Summarize

OpenAI's ChatGPT can now 'see' and hear you in real-time

By Mudit Dube

Dec 13, 2024

09:38 am

What's the story

As part of its "12 Days of OpenAI" event, OpenAI has unveiled a new vision capability for ChatGPT's advanced voice feature.

The AI-powered chatbot can now identify objects displayed via a smartphone camera or device screen, and respond using its Advanced Voice Mode.

The functionality was first hinted at with the introduction of the GPT-4o model in May.

User access

Feature rollout and accessibility

The video and screensharing feature will soon be available to most ChatGPT Plus, Pro, and all Team users through the ChatGPT mobile app.

Users in the European Union, Switzerland, Iceland, Norway, and Liechtenstein are also expected to gain access soon.

Enterprise and Edu users will have to wait until January for these features.

Technical details

Advanced Voice Mode powered by multimodal 4o model

The Advanced Voice feature is powered by OpenAI's multimodal 4o model, allowing it to handle audio input in a natural, conversational way.

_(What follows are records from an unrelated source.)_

(* Let $(W_n)$ be a standard numbering of the c.e. subsets of $\omega$, $V_n=\{(i,j)\mid\langle i,j\rangle\in W_n\}$ for a computable pairing bijection $\langle\cdot,\cdot\rangle$, and let $t$ be a computable function such that $V_{t(n)}$ is the transitive closure of $V_n$ for every $n$. Then the set $\{n\in\omega\mid V_{t(n)}\text{ is interpolable}\}$ is $\Pi^0_2$-complete; that is, deciding whether a given c.e. transitive relation on $\omega$ is interpolable is $\Pi^0_2$-complete.
   Context: A transitive relation $\prec$ on $\omega$ is interpolable if for every $y$ the initial segment $\{x\mid x\prec y\}$ is directed, i.e. non-empty and such that any two of its elements have a $\prec$-upper bound in it. *)

theory Defs
  imports Main
begin

definition rcomp :: "(nat list \<Rightarrow> nat option) \<Rightarrow> (nat list \<Rightarrow> nat option) list \<Rightarrow> nat list \<Rightarrow> nat option" where
  "rcomp g hs xs = (if (\<forall>h\<in>set hs. h xs \<noteq> None) then g (map (\<lambda>h. the (h xs)) hs) else None)"

fun rprec :: "(nat list \<Rightarrow> nat option) \<Rightarrow> (nat list \<Rightarrow> nat option) \<Rightarrow> nat list \<Rightarrow> nat option" where
  "rprec g h [] = None"
| "rprec g h (0 # xs) = g xs"
| "rprec g h (Suc y # xs) = (case rprec g h (y # xs) of None \<Rightarrow> None | Some v \<Rightarrow> h (y # v # xs))"
(* Let $a\in BC(\mathbf{R})$, $a\ge0$, with $a(x)\ge\varepsilon_1>0$ for $|x|\ge L$ ($L>0$), and let $V\in BC^1(\mathbf{R})$ with $V>0$ and $V'(x)x\le0$ on $\mathbf{R}$. Let $\phi(x)=\varepsilon_1$ for $|x|\le L$, $\phi(x)=L\varepsilon_1/|x|$ for $|x|\ge L$, $\alpha=\varepsilon_1/4$, and for $k>0$ and a solution $u$ define \[G_k(t):=\int_{\mathbf{R}}u_t\,\phi(x)\,x\,u_x\,dx+\alpha(u_t(t,\cdot),u(t,\cdot))+\frac{\alpha}{2}\int_{\mathbf{R}}a(x)|u(t,x)|^2dx+kE_u(t).\] Then there is a constant $C^*>0$ depending only on $L$ such that, if $V(0)<1/(4C^* )$, then for all sufficiently large $k\ge2$ there exist constants $\eta_0>0$ and $C>0$ such that for every $[u_0,u_1]\in C_0^\infty(\mathbf{R})\times C_0^\infty(\mathbf{R})$ the corresponding smooth solution $u$ of $u_{tt}-u_{xx}+V(x)u+a(x)u_t=0$, $u(0)=u_0$, $u_t(0)=u_1$ satisfies \[G_k(t)+\eta_0\int_0^tE_u(s)\,ds\le C\Big(\|u_0\|_{H^1}^2+\|u_1\|^2+\int_0^t\!\!\int_{\mathbf{R}}a(x)|u(s,x)|^2dx\,ds\Big)\quad(t\ge0).\]
   Context: $\|\cdot\|$ and $(\cdot,\cdot)$ denote the $L^2(\mathbf{R})$ norm and inner product. $E_u(t)=\frac12(\|u_t\|^2+\|u_x\|^2+\|\sqrt V u\|^2)$. $BC$, $BC^1$ denote bounded continuous functions and $C^1$ functions with bounded continuous derivative. *)

theory Defs
  imports "HOL-Analysis.Analysis"
begin

definition L2sq :: "(real \<Rightarrow> real) \<Rightarrow> real" where
  "L2sq f = (LINT x|lborel. (f x)^2)"

definition L2inner :: "(real \<Rightarrow> real) \<Rightarrow> (real \<Rightarrow> real) \<Rightarrow> real" where
  "L2inner f g = (LINT x|lborel. f x * g x)"

definition smooth_compact :: "(real \<Rightarrow> real) \<Rightarrow> bool" where
  "smooth_compact f \<longleftrightarrow>
     (\<forall>n x. ((deriv ^^ n) f) differentiable (at x)) \<and>
     (\<exists>R. \<forall>x. \<bar>x\<bar> > R \<longrightarrow> f x = 0)"

definition BC :: "(real \<Rightarrow> real) \<Rightarrow> bool" where
  "BC f \<longleftrightarrow> continuous_on UNIV f \<and> bounded (range f)"

definition BC1 :: "(real \<Rightarrow> real) \<Rightarrow> bool" where
  "BC1 f \<longleftrightarrow> f differentiable_on UNIV \<and> BC f \<and> BC (deriv f)"

definition phi :: "real \<Rightarrow> real \<Rightarrow> real \<Rightarrow> real" where
  "phi L \<epsilon>1 x = (if \<bar>x\<bar> \<le> L then \<epsilon>1 else L * \<epsilon>1 / \<bar>x\<bar>)"

definition is_solution ::
  "(real \<Rightarrow> real) \<Rightarrow> (real \<Rightarrow> real) \<Rightarrow> (real \<Rightarrow> real) \<Rightarrow> (real \<Rightarrow> real) \<Rightarrow>
   (real \<Rightarrow> real \<Rightarrow> real) \<Rightarrow> (real \<Rightarrow> real \<Rightarrow> real) \<Rightarrow> (real \<Rightarrow> real \<Rightarrow> real) \<Rightarrow> bool" where
  "is_solution V a u0 u1 u ut ux \<longleftrightarrow>
     (\<exists>utt utx uxt uxx.
       (\<forall>t x. ((\<lambda>s. u s x) has_real_derivative ut t x) (at t)) \<and>
       (\<forall>t x. ((\<lambda>y. u t y) has_real_derivative ux t x) (at x)) \<and>
       (\<forall>t x. ((\<lambda>s. ut s x) has_real_derivative utt t x) (at t)) \<and>
       (\<forall>t x. ((\<lambda>y. ut t y) has_real_derivative utx t x) (at x)) \<and>
       (\<forall>t x. ((\<lambda>s. ux s x) has_real_derivative uxt t x) (at t)) \<and>
       (\<forall>t x. ((\<lambda>y. ux t y) has_real_derivative uxx t x) (at x)) \<and>
       continuous_on UNIV (\<lambda>(t,x). u t x) \<and>
       continuous_on UNIV (\<lambda>(t,x). ut t x) \<and>
       continuous_on UNIV (\<lambda>(t,x). ux t x) \<and>
       continuous_on UNIV (\<lambda>(t,x). utt t x) \<and>
       continuous_on UNIV (\<lambda>(t,x). utx t x) \<and>
       continuous_on UNIV (\<lambda>(t,x). uxt t x) \<and>
       continuous_on UNIV (\<lambda>(t,x). uxx t x) \<and>
       (\<forall>t x. utt t x - uxx t x + V x * u t x + a x * ut t x = 0) \<and>
       (\<forall>x. u 0 x = u0 x) \<and> (\<forall>x. ut 0 x = u1 x) \<and>
       (\<forall>t\<ge>0. \<exists>R. \<forall>x. \<bar>x\<bar> > R \<longrightarrow> u t x = 0))"

definition energy :: "(real \<Rightarrow> real) \<Rightarrow> (real \<Rightarrow> real \<Rightarrow> real) \<Rightarrow> (real \<Rightarrow> real \<Rightarrow> real) \<Rightarrow>
    (real \<Rightarrow> real \<Rightarrow> real) \<Rightarrow> real \<Rightarrow> real" where
  "energy V u ut ux t =
     (L2sq (ut t) + L2sq (ux t) + L2sq (\<lambda>x. sqrt (V x) * u t x)) / 2"

definition Gk :: "real \<Rightarrow> real \<Rightarrow> (real \<Rightarrow> real) \<Rightarrow> (real \<Rightarrow> real) \<Rightarrow> real \<Rightarrow>
    (real \<Rightarrow> real \<Rightarrow> real) \<Rightarrow> (real \<Rightarrow> real \<Rightarrow> real) \<Rightarrow> (real \<Rightarrow> real \<Rightarrow> real) \<Rightarrow> real \<Rightarrow> real" where
  "Gk L \<epsilon>1 a V k u ut ux t =
     (let \<alpha> = \<epsilon>1 / 4 in
       (LINT x|lborel. ut t x * phi L \<epsilon>1 x * x * ux t x)
       + \<alpha> * L2inner (ut t) (u t)
       + \<alpha> / 2 * (LINT x|lborel. a x * (u t x)^2)
       + k * energy V u ut ux t)"

end

theory Submission
  imports Defs
begin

A Santa voice preset has also been introduced in the Advanced Voice Mode, which can be activated from a snowflake icon in ChatGPT.

This festive offering will be available for all users on mobile, web, and desktop apps until early January.

Latest updates

OpenAI introduces new products and features

OpenAI has unveiled new products and features in the past week. These include the release of its o1 model from preview and a $200-per-month 'Pro' subscription tier for ChatGPT.

The company has also released Sora Turbo, its AI video generator and Canvas for ChatGPT to all users, which is a digital editing platform for the AI chatbot.

ChatGPT is also now accessible through Apple's Siri voice assistant, expanding its reach to a wider user base.